Category	What it would look like
Rhetorical self-organization	The output uses self-organization / field / attractor vocabulary
Behavioral self-organization-like effect	The regime replicates across seeds/tasks and survives style-only controls
Distribution-level evidence	Scores, entropy, or logprob profiles shift relative to controls
Representation-level evidence	Hidden-state trajectories shift relative to controls
Order-parameter-like evidence	A low-dimensional variable predicts many output/hidden-state features
Interdependence evidence	Output or hidden-state components become more mutually dependent/synergistic
Causal evidence	Patching, ablation, or activation-difference transfer moves or removes the effect

So for your third question, I would not ask:

Is it genuine self-organization, yes or no?

I would ask:

How far up this ladder does the effect survive?

Background links for self-organization measurement families (click for more details)

Controls that would make the result easier to interpret

I would add controls before interpreting the effect as internal geometry.

Control	Why it matters
Baseline prompt	What does the model do normally?
Curving / field prompt	The proposed effect
Physics-metaphor-only prompt	Tests whether the effect is just physics vocabulary
Self-monitoring-only prompt	Tests whether the effect is generic reflective prompting
Same-length abstract prompt	Controls for length and abstraction
Shuffled-label prompt	Tests whether labels like “self-assembly” and “self-organization” matter
No-visual-language prompt	Tests whether the visual map is induced by visualization instructions
Multiple seeds	Tests whether the regime is stable
Greedy + sampling	Separates deterministic prompt effect from sampling noise

Example interpretation:

Result	Safer interpretation
Curving prompt and physics-only prompt look similar	Style / ontology priming is likely
Curving prompt differs from all style controls across seeds	Behavioral regime shift becomes more plausible
Token score / entropy profiles differ from controls	Distribution-level claim becomes stronger
Hidden-state trajectories differ from controls	Representation-level claim becomes stronger
Patching transfers or removes the effect	Causal claim becomes more plausible

Controls are not just for disproving the idea. They make the interesting part more precise.

Small practical next step

If I were trying to make this easy for others to evaluate, I would create a minimal reproducibility package:

Pick one open-weight model.
Save exact model revision and tokenizer revision.
Save the serialized chat-template output.
Use baseline / curving / physics-only / same-length abstract controls.
Fix generation settings.
Run multiple seeds.
Save generated outputs.
Save token scores / entropy profiles if available.
Save hidden-state extraction method if used.
Report which layer/token positions are plotted.
Save projection method and parameters.
If possible, add one small activation-patching or activation-transfer experiment.

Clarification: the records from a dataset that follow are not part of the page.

(* Assume $x_j(0)<\tau$ and $y_j(0)=0$ for all individuals $j$. Then the system is in the no action state if and only if $\sigma_A\max_j\alpha_j-\sigma_S\mu_S\le 0$, i.e. the individual with the largest $\alpha$ satisfies $\sigma_A\alpha_i-\sigma_S\mu_S\le 0$.
   Context: Model: Fix an integer $n\ge 2$ (number of individuals) and parameters $\sigma_A,\sigma_S\ge 0$, $\sigma_C>0$, $\mu_S\in[0,1]$, $\mu_C>0$, $r>0$, $\tau\in(0,1)$, $\alpha_1,\dots,\alpha_n\in(-1,1)$. Individual $i$ has state $(x_i(t),y_i(t))$, $x_i\in(-1,1)$, $y_i\in[0,1]$, and $\gamma_i(t)=\frac{1}{n-1}\sum_{j\neq i}y_j(t)$. Between action events the state evolves by $\dot x_i=[\sigma_A\alpha_i+\sigma_S(\gamma_i-\mu_S)]\,\sigma_C(\gamma_i+\mu_C)(1-x_i)(1+x_i)$, $\dot y_i=-ry_i$. Individual $i$ "acts" at a time $t$ when $x_i(t)$ reaches the threshold $\tau$ (i.e. $x_i(t)\ge\tau$); immediately afterwards $x_i$ is reset to $0$ and $y_i$ is reset to $1$, and the continuous evolution resumes from the new state. The system is in the "no action state" if no individual ever acts. *)

theory Defs
  imports "HOL-Analysis.Analysis"
begin

definition gam :: "nat \<Rightarrow> (nat \<Rightarrow> real \<Rightarrow> real) \<Rightarrow> nat \<Rightarrow> real \<Rightarrow> real" where
  "gam n y i t = (\<Sum>j\<in>{..<n} - {i}. y j t) / (real n - 1)"

definition flow_trajectory ::
  "nat \<Rightarrow> real \<Rightarrow> real \<Rightarrow> real \<Rightarrow> real \<Rightarrow> real \<Rightarrow> real \<Rightarrow> (nat \<Rightarrow> real)
   \<Rightarrow> (nat \<Rightarrow> real) \<Rightarrow> (nat \<Rightarrow> real)
   \<Rightarrow> (nat \<Rightarrow> real \<Rightarrow> real) \<Rightarrow> (nat \<Rightarrow> real \<Rightarrow> real) \<Rightarrow> bool" where
  "flow_trajectory n \<sigma>A \<sigma>S \<sigma>C \<mu>S \<mu>C r \<alpha> x0 y0 x y \<longleftrightarrow>
     (\<forall>i<n. x i 0 = x0 i \<and> y i 0 = y0 i \<and>
       (\<forall>t\<ge>0.
          (x i has_real_derivative
             ((\<sigma>A * \<alpha> i + \<sigma>S * (gam n y i t - \<mu>S)) * \<sigma>C * (gam n y i t + \<mu>C)
               * (1 - x i t) * (1 + x i t))) (at t within {0..}) \<and>
          (y i has_real_derivative (- r * y i t)) (at t within {0..})))"

text \<open>Before any action the system follows
  the continuous flow, so no individual ever acts iff the flow trajectory from the
  initial state exists for all times t >= 0 and never reaches the threshold tau.\<close>
definition no_action_state ::
  "nat \<Rightarrow> real \<Rightarrow> real \<Rightarrow> real \<Rightarrow> real \<Rightarrow> real \<Rightarrow> real \<Rightarrow> real \<Rightarrow> (nat \<Rightarrow> real)
   \<Rightarrow> (nat \<Rightarrow> real) \<Rightarrow> (nat \<Rightarrow> real) \<Rightarrow> bool" where
  "no_action_state n \<sigma>A \<sigma>S \<sigma>C \<mu>S \<mu>C r \<tau> \<alpha> x0 y0 \<longleftrightarrow>
     (\<exists>x y. flow_trajectory n \<sigma>A \<sigma>S \<sigma>C \<mu>S \<mu>C r \<alpha> x0 y0 x y \<and>
            (\<forall>i<n. \<forall>t\<ge>0. x i t < \<tau>))"

end

theory Submission
  imports Defs
begin

text \<open>As long as nobody has acted, every y_j stays 0, so gamma_i vanishes and each x_i solves
  the decoupled logistic equation x' = c_i (1 - x) (1 + x) with
  c_i = (sigma_A alpha_i - sigma_S mu_S) sigma_C mu_C.  Its solution is
  tanh (c_i t + artanh x_i(0)): for c_i \<le> 0 it never exceeds x_i(0) < tau, while for c_i > 0
  the odds (1 + x)/(1 - x) grow like exp (2 c_i t), so x_i reaches every level below 1.
  Since c_i is nondecreasing in alpha_i, only the individual with the largest alpha matters.\<close>

lemma tanh_artanh_real:
  assumes "-1 < x" "x < (1::real)"
  shows "tanh (artanh x) = x"
proof -
  have "-2 * artanh x = ln (1 - x) - ln (1 + x)"
    using assms by (simp add: artanh_def ln_div)
  then have exp_artanh: "exp (-2 * artanh x) = (1 - x) / (1 + x)"
    using assms by (simp add: exp_diff)
  show ?thesis
    unfolding tanh_real_altdef exp_artanh using assms by (simp add: field_simps)
qed

lemma has_real_derivative_zero_imp_const_nonneg:
  assumes "\<And>t. t \<ge> 0 \<Longrightarrow> (f has_real_derivative 0) (at t within {0..})" and "t \<ge> 0"
  shows "f t = f 0"
proof -
  obtain c where "\<forall>s\<in>{0::real..}. f s = c"
    using has_field_derivative_zero_constant[of "{0..}" f] assms(1) by auto
  then show ?thesis using assms(2) by simp
qed

lemma linear_ode_zero_init_vanishes:
  assumes "\<And>t. t \<ge> 0 \<Longrightarrow> (y has_real_derivative a * y t) (at t within {0..})"
    and "y 0 = 0" and "t \<ge> 0"
  shows "y t = (0::real)"
proof -
  have "y t * exp (- a * t) = y 0 * exp (- a * 0)"
  proof (rule has_real_derivative_zero_imp_const_nonneg[OF _ \<open>t \<ge> 0\<close>])
    fix s :: real
    assume "s \<ge> 0"
    show "((\<lambda>s. y s * exp (- a * s)) has_real_derivative 0) (at s within {0..})"
      using assms(1)[OF \<open>s \<ge> 0\<close>] by (auto intro!: derivative_eq_intros simp: algebra_simps)
  qed
  then show ?thesis using assms(2) by simp
qed

lemma tanh_logistic_has_derivative:
  fixes c x0 t :: real
  defines "x \<equiv> \<lambda>t. tanh (c * t + artanh x0)"
  shows "(x has_real_derivative c * (1 - x t) * (1 + x t)) (at t within S)"
proof -
  have "(x has_real_derivative (1 - x t ^ 2) * (c * 1 + 0)) (at t)"
    unfolding x_def by (intro derivative_intros) auto
  moreover have "(1 - x t ^ 2) * (c * 1 + 0) = c * (1 - x t) * (1 + x t)"
    by (simp add: power2_eq_square algebra_simps)
  ultimately show ?thesis
    by (metis has_field_derivative_at_within)
qed

lemma tanh_logistic_le_init:
  fixes c t x0 :: real
  assumes "c \<le> 0" "t \<ge> 0" "-1 < x0" "x0 < 1"
  shows "tanh (c * t + artanh x0) \<le> x0"
proof -
  have "c * t \<le> 0" using assms(1,2) by (simp add: mult_nonpos_nonneg)
  then have "tanh (c * t + artanh x0) \<le> tanh (artanh x0)" by simp
  then show ?thesis using assms(3,4) by (simp add: tanh_artanh_real)
qed

lemma logistic_odds_exp:
  fixes x :: "real \<Rightarrow> real"
  assumes deriv: "\<And>t. t \<ge> 0 \<Longrightarrow>
      (x has_real_derivative c * (1 - x t) * (1 + x t)) (at t within {0..})"
    and below_one: "\<And>t. t \<ge> 0 \<Longrightarrow> x t < 1" and "t \<ge> 0"
  shows "(1 + x t) / (1 - x t) = (1 + x 0) / (1 - x 0) * exp (2 * c * t)"
proof -
  define odds where "odds s = (1 + x s) / (1 - x s)" for s
  have "odds t * exp (- 2 * c * t) = odds 0 * exp (- 2 * c * 0)"
  proof (rule has_real_derivative_zero_imp_const_nonneg[OF _ \<open>t \<ge> 0\<close>])
    fix s :: real
    assume "s \<ge> 0"
    then have "1 - x s \<noteq> 0" using below_one by force
    with deriv[OF \<open>s \<ge> 0\<close>]
    show "((\<lambda>s. odds s * exp (- 2 * c * s)) has_real_derivative 0) (at s within {0..})"
      unfolding odds_def by (auto intro!: derivative_eq_intros simp: field_simps)
  qed
  then have "odds t * exp (- 2 * c * t) * exp (2 * c * t) = odds 0 * exp (2 * c * t)"
    by simp
  then show ?thesis by (simp add: odds_def mult.assoc flip: exp_add)
qed

lemma logistic_reaches_level:
  fixes x :: "real \<Rightarrow> real"
  assumes deriv: "\<And>t. t \<ge> 0 \<Longrightarrow>
      (x has_real_derivative c * (1 - x t) * (1 + x t)) (at t within {0..})"
    and "c > 0" and "-1 < x 0" and "\<tau> < 1"
  shows "\<exists>t\<ge>0. \<tau> \<le> x t"
proof (rule ccontr)
  assume "\<not> (\<exists>t\<ge>0. \<tau> \<le> x t)"
  then have below: "x t < \<tau>" if "t \<ge> 0" for t using that by force
  then have below_one: "x t < 1" if "t \<ge> 0" for t using that assms(4) by force
  define K where "K = (1 + x 0) / (1 - x 0)"
  define M where "M = (1 + \<tau>) / (1 - \<tau>)"
  have "K > 0" using assms(3,4) below[of 0] by (simp add: K_def)
  define t where "t = M / (2 * c * K)"
  have "M \<ge> 0"
    using assms(3,4) below[of 0] by (simp add: M_def)
  then have "t \<ge> 0" using \<open>c > 0\<close> \<open>K > 0\<close> by (simp add: t_def)
  \<comment> \<open>t is chosen so that K (1 + 2 c t) > M, and exp (2 c t) \<ge> 1 + 2 c t\<close>
  have "M < K * (1 + 2 * c * t)"
    using \<open>c > 0\<close> \<open>K > 0\<close> by (simp add: t_def field_simps)
  also have "\<dots> \<le> K * exp (2 * c * t)"
    using \<open>K > 0\<close> exp_ge_add_one_self[of "2 * c * t"] by simp
  also have "\<dots> = (1 + x t) / (1 - x t)"
    unfolding K_def using logistic_odds_exp[OF deriv below_one \<open>t \<ge> 0\<close>] by simp
  also have "\<dots> < M"
    using below[OF \<open>t \<ge> 0\<close>] assms(4) by (simp add: M_def divide_simps) argo
  finally have "M < M" .
  then show False by simp
qed

definition rate_at_rest ::
  "real \<Rightarrow> real \<Rightarrow> real \<Rightarrow> real \<Rightarrow> real \<Rightarrow> (nat \<Rightarrow> real) \<Rightarrow> nat \<Rightarrow> real" where
  "rate_at_rest \<sigma>A \<sigma>S \<sigma>C \<mu>S \<mu>C \<alpha> i = (\<sigma>A * \<alpha> i - \<sigma>S * \<mu>S) * \<sigma>C * \<mu>C"

lemma flow_trajectoryD:
  assumes "flow_trajectory n \<sigma>A \<sigma>S \<sigma>C \<mu>S \<mu>C r \<alpha> x0 y0 x y" and "i < n"
  shows "x i 0 = x0 i" and "y i 0 = y0 i"
    and "t \<ge> 0 \<Longrightarrow> (x i has_real_derivative
          (\<sigma>A * \<alpha> i + \<sigma>S * (gam n y i t - \<mu>S)) * \<sigma>C * (gam n y i t + \<mu>C)
            * (1 - x i t) * (1 + x i t)) (at t within {0..})"
    and "t \<ge> 0 \<Longrightarrow> (y i has_real_derivative - r * y i t) (at t within {0..})"
  using assms unfolding flow_trajectory_def by simp_all

lemma flow_trajectory_from_rest_deriv:
  assumes traj: "flow_trajectory n \<sigma>A \<sigma>S \<sigma>C \<mu>S \<mu>C r \<alpha> x0 y0 x y"
    and rest: "\<forall>j<n. y0 j = 0" and "i < n" and "t \<ge> 0"
  shows "(x i has_real_derivative
      rate_at_rest \<sigma>A \<sigma>S \<sigma>C \<mu>S \<mu>C \<alpha> i * (1 - x i t) * (1 + x i t)) (at t within {0..})"
proof -
  have "y j t = 0" if "j < n" for j
  proof (rule linear_ode_zero_init_vanishes[OF _ _ \<open>t \<ge> 0\<close>])
    show "(y j has_real_derivative - r * y j s) (at s within {0..})" if "s \<ge> 0" for s
      using flow_trajectoryD(4)[OF traj \<open>j < n\<close> that] .
    show "y j 0 = 0"
      using flow_trajectoryD(2)[OF traj \<open>j < n\<close>] rest \<open>j < n\<close> by simp
  qed
  then have "gam n y i t = 0" by (simp add: gam_def)
  with flow_trajectoryD(3)[OF traj \<open>i < n\<close> \<open>t \<ge> 0\<close>] show ?thesis
    by (simp add: rate_at_rest_def)
qed

lemma flow_trajectory_from_rest_tanh:
  assumes "\<forall>j<n. -1 < x0 j \<and> x0 j < 1" and "\<forall>j<n. y0 j = 0"
  shows "flow_trajectory n \<sigma>A \<sigma>S \<sigma>C \<mu>S \<mu>C r \<alpha> x0 y0
    (\<lambda>i t. tanh (rate_at_rest \<sigma>A \<sigma>S \<sigma>C \<mu>S \<mu>C \<alpha> i * t + artanh (x0 i))) (\<lambda>i t. 0)"
  unfolding flow_trajectory_def
proof (intro allI impI conjI)
  fix i :: nat and t :: real
  let ?c = "rate_at_rest \<sigma>A \<sigma>S \<sigma>C \<mu>S \<mu>C \<alpha> i"
  assume "i < n"
  show "tanh (?c * 0 + artanh (x0 i)) = x0 i"
    using assms(1) \<open>i < n\<close> by (simp add: tanh_artanh_real)
  show "0 = y0 i"
    using assms(2) \<open>i < n\<close> by simp
  show "((\<lambda>t. 0) has_real_derivative - r * 0) (at t within {0..})"
    by simp
  have "gam n (\<lambda>i t. 0) i t = 0" by (simp add: gam_def)
  then have rate: "(\<sigma>A * \<alpha> i + \<sigma>S * (gam n (\<lambda>i t. 0) i t - \<mu>S)) * \<sigma>C
      * (gam n (\<lambda>i t. 0) i t + \<mu>C) = ?c"
    by (simp add: rate_at_rest_def)
  show "((\<lambda>t. tanh (?c * t + artanh (x0 i))) has_real_derivative
        (\<sigma>A * \<alpha> i + \<sigma>S * (gam n (\<lambda>i t. 0) i t - \<mu>S)) * \<sigma>C * (gam n (\<lambda>i t. 0) i t + \<mu>C)
        * (1 - tanh (?c * t + artanh (x0 i))) * (1 + tanh (?c * t + artanh (x0 i))))
      (at t within {0..})"
    unfolding rate by (rule tanh_logistic_has_derivative)
qed

lemma no_action_state_iff_rates_at_rest_nonpos:
  assumes "\<forall>j<n. -1 < x0 j \<and> x0 j < 1" and "\<forall>j<n. x0 j < \<tau>" and "\<forall>j<n. y0 j = 0"
    and "\<tau> < 1"
  shows "no_action_state n \<sigma>A \<sigma>S \<sigma>C \<mu>S \<mu>C r \<tau> \<alpha> x0 y0 \<longleftrightarrow>
    (\<forall>i<n. rate_at_rest \<sigma>A \<sigma>S \<sigma>C \<mu>S \<mu>C \<alpha> i \<le> 0)"
proof (intro iffI allI impI)
  let ?c = "rate_at_rest \<sigma>A \<sigma>S \<sigma>C \<mu>S \<mu>C \<alpha>"
  fix i
  assume "no_action_state n \<sigma>A \<sigma>S \<sigma>C \<mu>S \<mu>C r \<tau> \<alpha> x0 y0" and "i < n"
  then obtain x y where traj: "flow_trajectory n \<sigma>A \<sigma>S \<sigma>C \<mu>S \<mu>C r \<alpha> x0 y0 x y"
    and below: "\<forall>t\<ge>0. x i t < \<tau>"
    unfolding no_action_state_def by blast
  show "?c i \<le> 0"
  proof (rule ccontr)
    assume "\<not> ?c i \<le> 0"
    moreover have "x i 0 = x0 i"
      using flow_trajectoryD(1)[OF traj \<open>i < n\<close>] .
    ultimately have "\<exists>t\<ge>0. \<tau> \<le> x i t"
      using logistic_reaches_level[OF flow_trajectory_from_rest_deriv[OF traj assms(3) \<open>i < n\<close>]]
        assms(1) \<open>i < n\<close> \<open>\<tau> < 1\<close> by simp
    with below show False by (meson not_le)
  qed
next
  let ?c = "rate_at_rest \<sigma>A \<sigma>S \<sigma>C \<mu>S \<mu>C \<alpha>"
  assume rates: "\<forall>i<n. ?c i \<le> 0"
  have "tanh (?c i * t + artanh (x0 i)) < \<tau>" if "i < n" and "t \<ge> 0" for i t
  proof -
    have "tanh (?c i * t + artanh (x0 i)) \<le> x0 i"
      using tanh_logistic_le_init rates assms(1) that by blast
    also have "x0 i < \<tau>" using assms(2) \<open>i < n\<close> by blast
    finally show ?thesis .
  qed
  with flow_trajectory_from_rest_tanh[OF assms(1,3)]
  show "no_action_state n \<sigma>A \<sigma>S \<sigma>C \<mu>S \<mu>C r \<tau> \<alpha> x0 y0"
    unfolding no_action_state_def by blast
qed

lemma rates_at_rest_nonpos_iff_Max:
  assumes "n > 0" and "\<sigma>A \<ge> 0" and "\<sigma>C > 0" and "\<mu>C > 0"
  shows "(\<forall>i<n. rate_at_rest \<sigma>A \<sigma>S \<sigma>C \<mu>S \<mu>C \<alpha> i \<le> 0) \<longleftrightarrow>
    \<sigma>A * Max (\<alpha> ` {..<n}) - \<sigma>S * \<mu>S \<le> 0"
proof -
  have "Max (\<alpha> ` {..<n}) \<in> \<alpha> ` {..<n}"
    using \<open>n > 0\<close> by (intro Max_in) auto
  then obtain m where "m < n" and m_max: "\<alpha> m = Max (\<alpha> ` {..<n})" by auto
  have sign: "rate_at_rest \<sigma>A \<sigma>S \<sigma>C \<mu>S \<mu>C \<alpha> i \<le> 0 \<longleftrightarrow> \<sigma>A * \<alpha> i - \<sigma>S * \<mu>S \<le> 0" for i
    using \<open>\<sigma>C > 0\<close> \<open>\<mu>C > 0\<close> by (simp add: rate_at_rest_def mult_le_0_iff)
  have "\<sigma>A * \<alpha> i \<le> \<sigma>A * \<alpha> m" if "i < n" for i
    using that m_max \<open>\<sigma>A \<ge> 0\<close> by (simp add: mult_left_mono)
  with \<open>m < n\<close> show ?thesis unfolding sign m_max[symmetric] by fastforce
qed

theorem corollary4:
  fixes n :: nat and \<sigma>A \<sigma>S \<sigma>C \<mu>S \<mu>C r \<tau> :: real
    and \<alpha> x0 y0 :: "nat \<Rightarrow> real"
  assumes "n \<ge> 2"
    and "\<sigma>A \<ge> 0" and "\<sigma>S \<ge> 0" and "\<sigma>C > 0"
    and "0 \<le> \<mu>S" and "\<mu>S \<le> 1" and "\<mu>C > 0" and "r > 0"
    and "0 < \<tau>" and "\<tau> < 1"
    and "\<forall>j<n. -1 < \<alpha> j \<and> \<alpha> j < 1"
    and "\<forall>j<n. -1 < x0 j \<and> x0 j < 1"
    and "\<forall>j<n. x0 j < \<tau>"
    and "\<forall>j<n. y0 j = 0"
  shows "no_action_state n \<sigma>A \<sigma>S \<sigma>C \<mu>S \<mu>C r \<tau> \<alpha> x0 y0 \<longleftrightarrow>
         \<sigma>A * Max (\<alpha> ` {..<n}) - \<sigma>S * \<mu>S \<le> 0"
proof -
  have "n > 0" using \<open>n \<ge> 2\<close> by simp
  with assms(2,4,7,10,12-14) show ?thesis
    by (simp add: no_action_state_iff_rates_at_rest_nonpos rates_at_rest_nonpos_iff_Max)
qed

end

The claim can then be stated in tiers:

Evidence obtained	Claim strength
Output changes only	Rhetorical/style regime
Replicates across seeds and controls	Behavioral regime shift
Scores/logprobs differ	Token-distribution shift
Hidden states differ	Representation-level shift
Order parameter / interdependence appears	Self-organization-like profile
Patching/ablation/transfer works	Causal evidence candidate

Implementation details that can easily confound the result (click for more details) A staged open-model test (click for more details) Relation to activation steering (click for more details) Visualization caveat (click for more details) Model self-description is output data, not mechanism evidence (click for more details) Terms I would use / avoid (click for more details)

My current position

This looks like an interesting prompt-induced regime shift. It may become a stronger representation-level or self-organization-like claim if the maps are based on well-specified token/hidden-state data, survive controls, and ideally show some causal transfer or ablation behavior.

Until then, I would keep “manifold curving” as a metaphor or hypothesis, not as the measured conclusion.